/UER-py

Open Source Pre-training Model Framework in PyTorch & Pre-trained Model Zoo

Primary LanguagePythonApache License 2.0Apache-2.0

English | 中文

Build Status codebeat badge arXiv

Pre-training has become an essential part for NLP tasks. UER-py (Universal Encoder Representations) is a toolkit for pre-training on general-domain corpus and fine-tuning on downstream task. UER-py maintains model modularity and supports research extensibility. It facilitates the use of existing pre-training models, and provides interfaces for users to further extend upon. With UER-py, we build a model zoo which contains pre-trained models of different properties. See the Wiki for Full Documentation.

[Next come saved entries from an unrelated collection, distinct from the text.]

definition su2_structure :: "form1 \<Rightarrow> form2 \<Rightarrow> form2 \<Rightarrow> form2 \<Rightarrow> bool" where
  "su2_structure \<theta>t \<omega>1 \<omega>2 \<omega>3 \<longleftrightarrow>
     wedge14 \<theta>t (wedge22 \<omega>1 \<omega>1) \<noteq> (\<lambda>_ _ _ _ _. 0)
   \<and> wedge22 \<omega>1 \<omega>2 = (\<lambda>_ _ _ _. 0)
   \<and> wedge22 \<omega>2 \<omega>1 = (\<lambda>_ _ _ _. 0)
   \<and> wedge22 \<omega>1 \<omega>3 = (\<lambda>_ _ _ _. 0)
   \<and> wedge22 \<omega>3 \<omega>1 = (\<lambda>_ _ _ _. 0)
   \<and> wedge22 \<omega>2 \<omega>3 = (\<lambda>_ _ _ _. 0)
   \<and> wedge22 \<omega>3 \<omega>2 = (\<lambda>_ _ _ _. 0)
   \<and> wedge22 \<omega>1 \<omega>1 = (\<lambda>a b c d. 2 * vol4 \<omega>1 a b c d)
   \<and> wedge22 \<omega>2 \<omega>2 = (\<lambda>a b c d. 2 * vol4 \<omega>1 a b c d)
   \<and> wedge22 \<omega>3 \<omega>3 = (\<lambda>a b c d. 2 * vol4 \<omega>1 a b c d)
   \<and> vol4 \<omega>1 \<noteq> (\<lambda>_ _ _ _. 0)
   \<and> (\<forall>x y. \<omega>1 x = \<omega>2 y \<longrightarrow> \<omega>3 x y \<ge> 0)"

definition gSU2 :: "form2 \<Rightarrow> form2 \<Rightarrow> form2 \<Rightarrow> tvec \<Rightarrow> tvec \<Rightarrow> real" where
  "gSU2 \<omega>1 \<omega>2 \<omega>3 x y =
     (THE t. wedge22 (wedge11 (\<omega>1 x) (\<omega>2 y)) \<omega>3 = (\<lambda>a b c d. t * vol4 \<omega>1 a b c d))"

definition comb :: "real \<Rightarrow> real \<Rightarrow> real \<Rightarrow> form2" where
  "comb k0 k1 k2 = (\<lambda>x y. k0 * alpha0 x y + k1 * alpha1 x y + k2 * alpha2 x y)"

end

theory Submission imports Defs begin

text \<open>In the adapted frame g_SU(2) is a bilinear form with coefficients quadratic in the b_i, c_i,
and for x = e_1,...,e_4 the relation \<omega>_2(x, \<Phi> y) = g_SU(2)(x, y) is a linear system for the
coordinates of \<Phi> y with determinant b_1^2 - b_0 b_2 = 1. Solving it with the relation
b_0 c_2 + b_2 c_0 = 2 b_1 c_1 gives, on ker \<theta>,
  \<Phi> y = (0, c_1 y_2 + c_2 y_4, -c_1 y_1 - c_2 y_3, -c_0 y_2 - c_1 y_4, c_0 y_1 + c_1 y_3),
so \<Phi> moves V_0 off itself exactly through c_2 and H_0 exactly through c_0. If c_0 = c_2 = 0, the
relations force c_1 = 1 or -1, b_1 = 0 and b_0 b_2 = -1, and condition (C2) fixes the sign of c_1 b_2.\<close>

lemmas frame_forms_defs = wedge22_def wedge11_def vol4_def dtheta_def comb_def
  alpha0_def alpha1_def alpha2_def cof2_def cof_def add2_def scale2_def

abbreviation frame :: "5 \<Rightarrow> tvec" where "frame i \<equiv> axis i 1"

definition g_type1 :: "real \<Rightarrow> real \<Rightarrow> real \<Rightarrow> real \<Rightarrow> real \<Rightarrow> real \<Rightarrow> tvec \<Rightarrow> tvec \<Rightarrow> real" where
  "g_type1 b0 b1 b2 c0 c1 c2 x y =
     (b1*c0 - b0*c1) * (x$1*y$1 + x$2*y$2) + (b2*c0 - b1*c1) * (x$1*y$3 + x$2*y$4)
   + (b1*c1 - b0*c2) * (x$3*y$1 + x$4*y$2) + (b2*c1 - b1*c2) * (x$3*y$3 + x$4*y$4)"

lemma kerTheta_iff: "s > 0 \<Longrightarrow> x \<in> kerTheta s \<longleftrightarrow> x $ 0 = 0"
  by (simp add: kerTheta_def theta_def cof_def)

lemma comb_frame:
  "comb k0 k1 k2 (frame i) z =
     (if i = 1 then k0 * z$2 + k1 * z$4 else if i = 2 then - k0 * z$1 - k1 * z$3
      else if i = 3 then k1 * z$2 + k2 * z$4 else if i = 4 then - k1 * z$1 - k2 * z$3 else 0)"
  by (simp add: frame_forms_defs axis_def algebra_simps)

lemma comb_eq_iff: "comb k0 k1 k2 = comb l0 l1 l2 \<longleftrightarrow> k0 = l0 \<and> k1 = l1 \<and> k2 = l2"
proof
  assume eq: "comb k0 k1 k2 = comb l0 l1 l2"
  have "comb k0 k1 k2 (frame 1) (frame i) = comb l0 l1 l2 (frame 1) (frame i)"
    "comb k0 k1 k2 (frame 3) (frame i) = comb l0 l1 l2 (frame 3) (frame i)" for i
    using eq by simp_all
  from this[of 2] this[of 4] show "k0 = l0 \<and> k1 = l1 \<and> k2 = l2"
    unfolding comb_frame by (simp add: axis_def)
qed simp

News: Our refactored new version supports multi-modal pre-training and large language models like LLaMA, see TencentPretrain.


Table of Contents


Features

UER-py has the following features:

  • Reproducibility UER-py has been tested on many datasets and should match the performances of the original pre-training model implementations such as BERT, GPT-2, ELMo, and T5.
  • Model modularity UER-py is divided into the following components: embedding, encoder, target embedding (optional), decoder (optional), and target. Ample modules are implemented in each component. Clear and robust interface allows users to combine modules to construct pre-training models with as few restrictions as possible.
  • Model training UER-py supports CPU mode, single GPU mode, distributed training mode, and gigantic model training with DeepSpeed.
  • Model zoo With the help of UER-py, we pre-train and release models of different properties. Proper selection of pre-trained models is important to the performances of downstream tasks.
  • SOTA results UER-py supports comprehensive downstream tasks (e.g. classification and machine reading comprehension) and provides winning solutions of many NLP competitions.
  • Abundant functions UER-py provides abundant functions related with pre-training, such as feature extractor and text generation.

Requirements

  • Python >= 3.6
  • torch >= 1.1
  • six >= 1.12.0
  • argparse
  • packaging
  • regex
  • For the mixed precision training you will need apex from NVIDIA
  • For the pre-trained model conversion (related with TensorFlow) you will need TensorFlow
  • For the tokenization with sentencepiece model you will need SentencePiece
  • For developing a stacking model you will need LightGBM and BayesianOptimization
  • For the pre-training with whole word masking you will need word segmentation tool such as jieba
  • For the use of CRF in sequence labeling downstream task you will need pytorch-crf
  • For the gigantic model training you will need DeepSpeed

Quickstart

This section uses several commonly-used examples to demonstrate how to use UER-py. More details are discussed in Instructions section. We firstly use BERT model on Douban book review classification dataset. We pre-train model on book review corpus and then fine-tune it on book review classification dataset. There are three input files: book review corpus, book review classification dataset, and vocabulary. All files are encoded in UTF-8 and included in this project.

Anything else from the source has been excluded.